## TASK
Set out exactly, line by line, the stretch of data below that begins at the line containing "text \<open>\<open>\<Sum> a\<^sub>1" and ends at the line containing "is a right convolution", with both ends kept.

## EXTRACTED ENTRIES
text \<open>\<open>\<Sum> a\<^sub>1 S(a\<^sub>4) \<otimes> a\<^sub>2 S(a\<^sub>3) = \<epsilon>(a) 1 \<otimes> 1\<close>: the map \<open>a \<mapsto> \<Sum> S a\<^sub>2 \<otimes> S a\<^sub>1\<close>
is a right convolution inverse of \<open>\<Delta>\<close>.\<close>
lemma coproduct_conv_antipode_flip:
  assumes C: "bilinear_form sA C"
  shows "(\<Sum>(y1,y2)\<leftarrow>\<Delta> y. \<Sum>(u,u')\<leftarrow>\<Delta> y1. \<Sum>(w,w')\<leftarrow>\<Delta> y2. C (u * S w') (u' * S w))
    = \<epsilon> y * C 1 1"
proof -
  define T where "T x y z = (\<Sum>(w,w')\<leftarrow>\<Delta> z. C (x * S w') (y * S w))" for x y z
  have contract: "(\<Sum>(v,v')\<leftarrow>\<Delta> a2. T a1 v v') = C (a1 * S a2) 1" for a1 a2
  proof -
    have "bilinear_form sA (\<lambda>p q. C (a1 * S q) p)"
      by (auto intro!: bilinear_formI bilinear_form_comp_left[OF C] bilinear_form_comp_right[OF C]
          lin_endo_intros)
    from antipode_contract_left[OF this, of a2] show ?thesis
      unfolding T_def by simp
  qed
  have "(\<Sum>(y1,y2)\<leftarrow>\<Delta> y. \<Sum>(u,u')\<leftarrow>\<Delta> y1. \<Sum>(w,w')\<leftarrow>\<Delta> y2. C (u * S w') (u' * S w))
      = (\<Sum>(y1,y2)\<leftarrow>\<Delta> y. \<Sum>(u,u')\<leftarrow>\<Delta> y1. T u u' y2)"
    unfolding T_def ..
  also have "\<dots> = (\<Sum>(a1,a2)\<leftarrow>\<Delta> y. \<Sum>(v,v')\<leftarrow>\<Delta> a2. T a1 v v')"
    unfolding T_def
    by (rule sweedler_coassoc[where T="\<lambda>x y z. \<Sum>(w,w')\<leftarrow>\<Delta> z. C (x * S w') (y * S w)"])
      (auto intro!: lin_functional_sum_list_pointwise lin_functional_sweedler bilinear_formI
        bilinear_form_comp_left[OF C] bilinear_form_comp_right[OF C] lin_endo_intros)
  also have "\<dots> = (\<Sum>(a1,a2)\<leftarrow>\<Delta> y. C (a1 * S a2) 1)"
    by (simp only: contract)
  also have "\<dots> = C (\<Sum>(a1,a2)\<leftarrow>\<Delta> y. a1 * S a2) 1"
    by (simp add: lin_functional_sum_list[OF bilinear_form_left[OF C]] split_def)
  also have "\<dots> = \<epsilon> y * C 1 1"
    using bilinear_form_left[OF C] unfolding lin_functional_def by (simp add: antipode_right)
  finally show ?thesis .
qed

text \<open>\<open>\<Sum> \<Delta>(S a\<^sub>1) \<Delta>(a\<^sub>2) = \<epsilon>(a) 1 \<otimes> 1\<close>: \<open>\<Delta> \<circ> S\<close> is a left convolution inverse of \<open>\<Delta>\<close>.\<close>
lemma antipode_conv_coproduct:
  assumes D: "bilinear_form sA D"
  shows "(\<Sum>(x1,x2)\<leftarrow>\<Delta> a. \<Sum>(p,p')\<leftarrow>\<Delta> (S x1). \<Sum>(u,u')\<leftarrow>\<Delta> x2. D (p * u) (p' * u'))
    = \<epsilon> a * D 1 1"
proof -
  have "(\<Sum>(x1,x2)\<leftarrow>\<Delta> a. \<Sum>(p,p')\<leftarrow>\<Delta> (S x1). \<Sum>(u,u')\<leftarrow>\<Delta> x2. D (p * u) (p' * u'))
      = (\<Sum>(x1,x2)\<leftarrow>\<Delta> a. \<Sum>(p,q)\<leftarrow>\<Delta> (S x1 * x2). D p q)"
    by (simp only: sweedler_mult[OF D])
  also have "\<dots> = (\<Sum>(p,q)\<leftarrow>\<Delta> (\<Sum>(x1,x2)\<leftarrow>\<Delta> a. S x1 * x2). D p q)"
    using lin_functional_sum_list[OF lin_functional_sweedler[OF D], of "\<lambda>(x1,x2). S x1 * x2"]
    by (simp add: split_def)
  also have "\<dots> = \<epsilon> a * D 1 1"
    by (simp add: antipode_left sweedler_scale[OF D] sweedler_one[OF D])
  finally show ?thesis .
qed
* * *
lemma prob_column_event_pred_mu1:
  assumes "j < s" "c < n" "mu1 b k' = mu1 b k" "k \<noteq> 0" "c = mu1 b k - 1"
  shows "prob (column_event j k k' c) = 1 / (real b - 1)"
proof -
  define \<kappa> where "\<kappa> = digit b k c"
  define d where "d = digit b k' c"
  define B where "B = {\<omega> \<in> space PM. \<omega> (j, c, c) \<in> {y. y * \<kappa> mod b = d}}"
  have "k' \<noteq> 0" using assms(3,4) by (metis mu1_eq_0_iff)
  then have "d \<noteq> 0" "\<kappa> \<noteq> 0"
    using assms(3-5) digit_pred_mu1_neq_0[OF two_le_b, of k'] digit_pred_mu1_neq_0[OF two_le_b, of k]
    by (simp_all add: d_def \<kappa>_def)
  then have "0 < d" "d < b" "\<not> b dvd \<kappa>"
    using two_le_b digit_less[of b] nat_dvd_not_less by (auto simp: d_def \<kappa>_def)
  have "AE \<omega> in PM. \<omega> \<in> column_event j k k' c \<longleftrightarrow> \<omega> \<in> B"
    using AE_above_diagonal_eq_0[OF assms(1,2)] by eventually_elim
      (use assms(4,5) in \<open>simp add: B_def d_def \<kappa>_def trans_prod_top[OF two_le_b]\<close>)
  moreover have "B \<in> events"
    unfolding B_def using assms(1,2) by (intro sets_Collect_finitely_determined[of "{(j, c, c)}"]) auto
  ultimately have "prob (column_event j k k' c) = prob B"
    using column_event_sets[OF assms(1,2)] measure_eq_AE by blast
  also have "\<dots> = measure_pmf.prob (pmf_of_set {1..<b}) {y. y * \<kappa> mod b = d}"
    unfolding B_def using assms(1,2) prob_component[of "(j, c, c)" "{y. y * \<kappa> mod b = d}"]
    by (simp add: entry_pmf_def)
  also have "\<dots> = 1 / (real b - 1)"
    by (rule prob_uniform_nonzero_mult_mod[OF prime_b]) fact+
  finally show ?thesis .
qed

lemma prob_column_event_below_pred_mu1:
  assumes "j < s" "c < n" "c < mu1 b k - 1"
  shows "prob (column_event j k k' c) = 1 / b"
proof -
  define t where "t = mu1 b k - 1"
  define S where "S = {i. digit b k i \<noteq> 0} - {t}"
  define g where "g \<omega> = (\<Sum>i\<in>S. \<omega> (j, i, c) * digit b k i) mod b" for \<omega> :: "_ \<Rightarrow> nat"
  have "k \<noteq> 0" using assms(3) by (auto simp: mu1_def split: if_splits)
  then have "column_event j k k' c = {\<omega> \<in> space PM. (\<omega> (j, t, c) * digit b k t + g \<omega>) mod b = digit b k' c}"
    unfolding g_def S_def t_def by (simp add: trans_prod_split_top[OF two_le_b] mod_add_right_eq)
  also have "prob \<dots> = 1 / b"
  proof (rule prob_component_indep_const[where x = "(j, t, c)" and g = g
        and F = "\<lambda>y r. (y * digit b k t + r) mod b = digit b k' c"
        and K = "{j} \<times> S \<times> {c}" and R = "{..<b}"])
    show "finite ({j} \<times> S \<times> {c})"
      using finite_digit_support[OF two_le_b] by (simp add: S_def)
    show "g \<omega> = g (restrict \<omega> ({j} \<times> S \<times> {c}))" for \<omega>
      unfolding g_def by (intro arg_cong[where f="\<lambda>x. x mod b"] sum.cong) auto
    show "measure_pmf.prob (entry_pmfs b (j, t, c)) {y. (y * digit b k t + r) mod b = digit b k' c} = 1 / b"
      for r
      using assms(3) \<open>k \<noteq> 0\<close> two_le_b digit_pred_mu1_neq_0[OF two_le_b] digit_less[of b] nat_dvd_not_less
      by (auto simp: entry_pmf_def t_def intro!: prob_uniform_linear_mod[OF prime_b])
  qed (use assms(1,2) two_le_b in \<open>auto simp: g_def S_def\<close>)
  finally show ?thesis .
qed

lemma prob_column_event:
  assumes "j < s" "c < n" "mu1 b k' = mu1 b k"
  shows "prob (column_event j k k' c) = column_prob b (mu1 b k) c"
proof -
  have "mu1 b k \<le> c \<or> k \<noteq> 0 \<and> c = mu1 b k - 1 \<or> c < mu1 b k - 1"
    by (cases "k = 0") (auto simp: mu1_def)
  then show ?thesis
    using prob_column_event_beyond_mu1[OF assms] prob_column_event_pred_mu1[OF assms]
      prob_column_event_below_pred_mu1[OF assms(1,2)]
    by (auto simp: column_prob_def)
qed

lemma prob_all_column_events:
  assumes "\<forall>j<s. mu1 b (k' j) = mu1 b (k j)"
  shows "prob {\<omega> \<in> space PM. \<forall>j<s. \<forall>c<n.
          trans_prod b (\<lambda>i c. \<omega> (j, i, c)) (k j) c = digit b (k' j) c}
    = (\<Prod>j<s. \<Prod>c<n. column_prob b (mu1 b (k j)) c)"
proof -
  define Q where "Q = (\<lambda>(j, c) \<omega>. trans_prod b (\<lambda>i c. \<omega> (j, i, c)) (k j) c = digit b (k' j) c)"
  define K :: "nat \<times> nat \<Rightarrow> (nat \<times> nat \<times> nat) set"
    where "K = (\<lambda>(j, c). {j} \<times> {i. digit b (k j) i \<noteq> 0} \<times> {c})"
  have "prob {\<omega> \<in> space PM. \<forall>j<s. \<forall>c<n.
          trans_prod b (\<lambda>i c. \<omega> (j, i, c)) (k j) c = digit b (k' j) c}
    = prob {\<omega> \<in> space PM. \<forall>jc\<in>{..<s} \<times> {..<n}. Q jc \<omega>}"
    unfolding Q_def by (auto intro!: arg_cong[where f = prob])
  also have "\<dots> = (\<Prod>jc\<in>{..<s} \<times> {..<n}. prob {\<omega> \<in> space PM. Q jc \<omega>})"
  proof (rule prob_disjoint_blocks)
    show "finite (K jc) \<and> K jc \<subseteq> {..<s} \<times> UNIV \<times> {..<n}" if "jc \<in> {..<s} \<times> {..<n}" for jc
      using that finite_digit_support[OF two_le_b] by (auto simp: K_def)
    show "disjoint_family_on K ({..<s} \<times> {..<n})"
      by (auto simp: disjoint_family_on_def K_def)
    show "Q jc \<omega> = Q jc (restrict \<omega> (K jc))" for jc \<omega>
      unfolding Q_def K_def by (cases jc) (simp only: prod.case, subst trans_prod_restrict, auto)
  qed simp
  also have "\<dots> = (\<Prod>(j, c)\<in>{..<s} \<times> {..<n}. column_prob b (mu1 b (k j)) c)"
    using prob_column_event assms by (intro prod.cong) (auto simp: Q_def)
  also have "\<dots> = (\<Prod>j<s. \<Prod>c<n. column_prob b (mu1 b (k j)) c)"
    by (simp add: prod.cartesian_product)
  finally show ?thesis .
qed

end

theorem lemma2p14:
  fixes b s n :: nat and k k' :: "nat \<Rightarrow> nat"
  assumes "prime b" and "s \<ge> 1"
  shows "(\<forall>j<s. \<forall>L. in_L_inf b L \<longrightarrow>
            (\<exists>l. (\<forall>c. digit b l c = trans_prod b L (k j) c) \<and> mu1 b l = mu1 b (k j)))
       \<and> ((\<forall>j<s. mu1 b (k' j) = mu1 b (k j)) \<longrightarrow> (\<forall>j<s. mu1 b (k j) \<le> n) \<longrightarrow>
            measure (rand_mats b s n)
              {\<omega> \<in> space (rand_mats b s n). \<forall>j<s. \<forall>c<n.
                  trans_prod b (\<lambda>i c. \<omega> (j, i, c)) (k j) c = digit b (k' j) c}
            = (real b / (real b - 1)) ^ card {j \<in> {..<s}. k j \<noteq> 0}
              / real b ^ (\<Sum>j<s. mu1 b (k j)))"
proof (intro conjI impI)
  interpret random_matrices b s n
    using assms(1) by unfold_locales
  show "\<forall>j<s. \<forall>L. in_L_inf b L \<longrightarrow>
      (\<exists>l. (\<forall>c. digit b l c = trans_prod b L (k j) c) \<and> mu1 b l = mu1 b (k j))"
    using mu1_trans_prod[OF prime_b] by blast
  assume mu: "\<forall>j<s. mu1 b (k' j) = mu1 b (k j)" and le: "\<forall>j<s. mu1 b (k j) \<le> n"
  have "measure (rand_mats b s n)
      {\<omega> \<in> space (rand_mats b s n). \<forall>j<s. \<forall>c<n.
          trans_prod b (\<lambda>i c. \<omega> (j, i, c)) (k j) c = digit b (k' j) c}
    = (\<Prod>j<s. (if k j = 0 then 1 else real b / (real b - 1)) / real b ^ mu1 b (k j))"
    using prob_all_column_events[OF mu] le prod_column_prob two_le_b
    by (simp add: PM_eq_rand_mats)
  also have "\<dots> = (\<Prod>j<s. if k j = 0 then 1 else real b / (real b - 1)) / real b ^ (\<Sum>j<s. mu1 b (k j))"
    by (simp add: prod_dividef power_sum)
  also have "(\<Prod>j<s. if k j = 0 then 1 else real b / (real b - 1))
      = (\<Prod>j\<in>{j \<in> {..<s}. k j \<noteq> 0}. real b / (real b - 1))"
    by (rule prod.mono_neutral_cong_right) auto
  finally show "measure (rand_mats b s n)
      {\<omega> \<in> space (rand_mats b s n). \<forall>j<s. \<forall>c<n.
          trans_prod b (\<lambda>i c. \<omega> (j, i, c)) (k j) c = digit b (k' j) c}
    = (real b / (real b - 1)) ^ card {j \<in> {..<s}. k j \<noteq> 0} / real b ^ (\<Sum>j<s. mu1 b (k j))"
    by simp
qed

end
* * *
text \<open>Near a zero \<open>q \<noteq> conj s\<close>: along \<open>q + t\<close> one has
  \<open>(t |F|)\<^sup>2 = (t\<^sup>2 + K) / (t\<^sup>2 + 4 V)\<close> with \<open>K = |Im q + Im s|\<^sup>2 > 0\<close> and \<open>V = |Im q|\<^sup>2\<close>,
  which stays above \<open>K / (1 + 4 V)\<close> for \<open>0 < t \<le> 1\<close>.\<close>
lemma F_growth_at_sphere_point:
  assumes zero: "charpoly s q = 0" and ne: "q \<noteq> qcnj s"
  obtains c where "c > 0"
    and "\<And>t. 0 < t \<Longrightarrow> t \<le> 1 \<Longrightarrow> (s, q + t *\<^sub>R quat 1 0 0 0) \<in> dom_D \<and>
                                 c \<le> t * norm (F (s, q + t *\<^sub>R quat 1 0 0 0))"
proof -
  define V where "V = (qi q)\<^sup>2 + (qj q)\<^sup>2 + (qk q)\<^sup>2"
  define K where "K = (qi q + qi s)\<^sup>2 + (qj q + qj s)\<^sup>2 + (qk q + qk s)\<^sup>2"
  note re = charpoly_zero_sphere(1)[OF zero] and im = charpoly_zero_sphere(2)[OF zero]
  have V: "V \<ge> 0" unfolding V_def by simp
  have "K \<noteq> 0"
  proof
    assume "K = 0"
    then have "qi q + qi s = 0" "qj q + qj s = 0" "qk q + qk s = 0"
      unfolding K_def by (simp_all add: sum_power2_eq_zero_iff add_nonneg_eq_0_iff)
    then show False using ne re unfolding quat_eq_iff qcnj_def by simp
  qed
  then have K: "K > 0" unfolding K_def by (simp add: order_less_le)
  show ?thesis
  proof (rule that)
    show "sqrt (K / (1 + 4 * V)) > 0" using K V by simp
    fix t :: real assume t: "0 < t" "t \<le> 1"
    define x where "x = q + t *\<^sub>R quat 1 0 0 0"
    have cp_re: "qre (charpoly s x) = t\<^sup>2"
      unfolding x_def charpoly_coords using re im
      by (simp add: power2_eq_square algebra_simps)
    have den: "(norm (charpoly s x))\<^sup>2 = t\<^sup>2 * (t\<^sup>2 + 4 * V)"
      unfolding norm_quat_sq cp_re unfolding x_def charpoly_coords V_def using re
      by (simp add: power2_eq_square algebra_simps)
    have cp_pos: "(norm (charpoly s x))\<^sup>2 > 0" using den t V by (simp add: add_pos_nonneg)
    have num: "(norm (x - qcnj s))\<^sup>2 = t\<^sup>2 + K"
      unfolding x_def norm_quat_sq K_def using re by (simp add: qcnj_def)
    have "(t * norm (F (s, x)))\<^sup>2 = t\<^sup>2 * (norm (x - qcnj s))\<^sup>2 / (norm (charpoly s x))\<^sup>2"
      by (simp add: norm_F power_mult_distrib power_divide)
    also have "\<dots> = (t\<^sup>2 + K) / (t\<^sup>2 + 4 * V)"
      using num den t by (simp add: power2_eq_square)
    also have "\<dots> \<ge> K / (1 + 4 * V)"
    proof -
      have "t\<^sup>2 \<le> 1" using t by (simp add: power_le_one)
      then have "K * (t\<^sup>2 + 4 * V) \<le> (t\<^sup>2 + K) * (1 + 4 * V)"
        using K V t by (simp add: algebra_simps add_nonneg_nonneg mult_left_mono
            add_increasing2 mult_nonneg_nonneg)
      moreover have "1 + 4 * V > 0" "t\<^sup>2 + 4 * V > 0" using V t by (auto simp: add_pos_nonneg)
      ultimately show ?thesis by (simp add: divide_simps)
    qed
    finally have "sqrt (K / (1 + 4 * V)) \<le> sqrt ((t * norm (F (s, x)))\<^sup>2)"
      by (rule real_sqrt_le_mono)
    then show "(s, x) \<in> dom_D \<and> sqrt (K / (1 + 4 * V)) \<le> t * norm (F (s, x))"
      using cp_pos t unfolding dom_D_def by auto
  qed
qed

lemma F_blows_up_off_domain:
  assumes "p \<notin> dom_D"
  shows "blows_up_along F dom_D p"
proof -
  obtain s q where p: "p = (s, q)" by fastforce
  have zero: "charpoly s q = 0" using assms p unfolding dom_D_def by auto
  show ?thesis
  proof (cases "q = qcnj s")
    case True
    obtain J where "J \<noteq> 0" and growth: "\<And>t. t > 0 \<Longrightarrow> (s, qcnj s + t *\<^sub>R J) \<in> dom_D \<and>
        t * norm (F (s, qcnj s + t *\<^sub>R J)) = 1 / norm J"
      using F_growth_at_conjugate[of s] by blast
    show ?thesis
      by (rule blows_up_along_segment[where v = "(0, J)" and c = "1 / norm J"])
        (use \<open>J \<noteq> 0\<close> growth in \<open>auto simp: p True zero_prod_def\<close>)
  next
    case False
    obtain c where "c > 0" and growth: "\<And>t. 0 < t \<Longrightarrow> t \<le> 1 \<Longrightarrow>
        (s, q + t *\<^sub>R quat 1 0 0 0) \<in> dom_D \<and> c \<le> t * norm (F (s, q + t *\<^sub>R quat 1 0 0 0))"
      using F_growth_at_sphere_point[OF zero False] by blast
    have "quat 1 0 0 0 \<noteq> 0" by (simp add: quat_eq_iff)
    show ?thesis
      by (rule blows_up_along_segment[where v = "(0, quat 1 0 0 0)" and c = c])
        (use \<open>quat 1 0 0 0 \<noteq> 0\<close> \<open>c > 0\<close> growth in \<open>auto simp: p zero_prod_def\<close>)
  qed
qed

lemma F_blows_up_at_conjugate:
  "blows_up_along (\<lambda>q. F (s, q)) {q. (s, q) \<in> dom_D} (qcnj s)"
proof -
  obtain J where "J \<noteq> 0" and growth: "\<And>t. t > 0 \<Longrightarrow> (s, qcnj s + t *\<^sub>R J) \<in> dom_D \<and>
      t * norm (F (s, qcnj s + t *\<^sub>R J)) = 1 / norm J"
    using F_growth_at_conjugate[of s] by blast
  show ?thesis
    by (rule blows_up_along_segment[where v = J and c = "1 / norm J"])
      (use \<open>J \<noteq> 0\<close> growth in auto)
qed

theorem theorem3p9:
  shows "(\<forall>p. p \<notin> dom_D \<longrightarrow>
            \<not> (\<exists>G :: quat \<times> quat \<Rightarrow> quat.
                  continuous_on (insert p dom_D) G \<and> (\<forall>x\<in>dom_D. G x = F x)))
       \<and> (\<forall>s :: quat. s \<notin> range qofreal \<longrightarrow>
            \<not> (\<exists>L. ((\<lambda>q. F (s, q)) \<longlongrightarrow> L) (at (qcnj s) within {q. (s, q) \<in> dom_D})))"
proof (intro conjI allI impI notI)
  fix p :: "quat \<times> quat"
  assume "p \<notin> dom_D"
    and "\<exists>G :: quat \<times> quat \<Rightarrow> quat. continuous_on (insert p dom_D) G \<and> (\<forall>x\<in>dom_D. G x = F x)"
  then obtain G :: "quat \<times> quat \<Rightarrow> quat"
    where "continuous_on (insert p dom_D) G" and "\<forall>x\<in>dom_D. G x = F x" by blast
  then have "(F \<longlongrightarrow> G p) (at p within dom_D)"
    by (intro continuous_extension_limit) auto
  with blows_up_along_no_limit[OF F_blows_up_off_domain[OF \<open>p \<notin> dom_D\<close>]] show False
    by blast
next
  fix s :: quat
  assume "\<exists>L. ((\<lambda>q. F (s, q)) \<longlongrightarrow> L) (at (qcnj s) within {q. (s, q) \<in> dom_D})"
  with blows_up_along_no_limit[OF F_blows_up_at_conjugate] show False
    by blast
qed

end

## RESULT
text \<open>\<open>\<Sum> a\<^sub>1 S(a\<^sub>4) \<otimes> a\<^sub>2 S(a\<^sub>3) = \<epsilon>(a) 1 \<otimes> 1\<close>: the map \<open>a \<mapsto> \<Sum> S a\<^sub>2 \<otimes> S a\<^sub>1\<close>
is a right convolution inverse of \<open>\<Delta>\<close>.\<close>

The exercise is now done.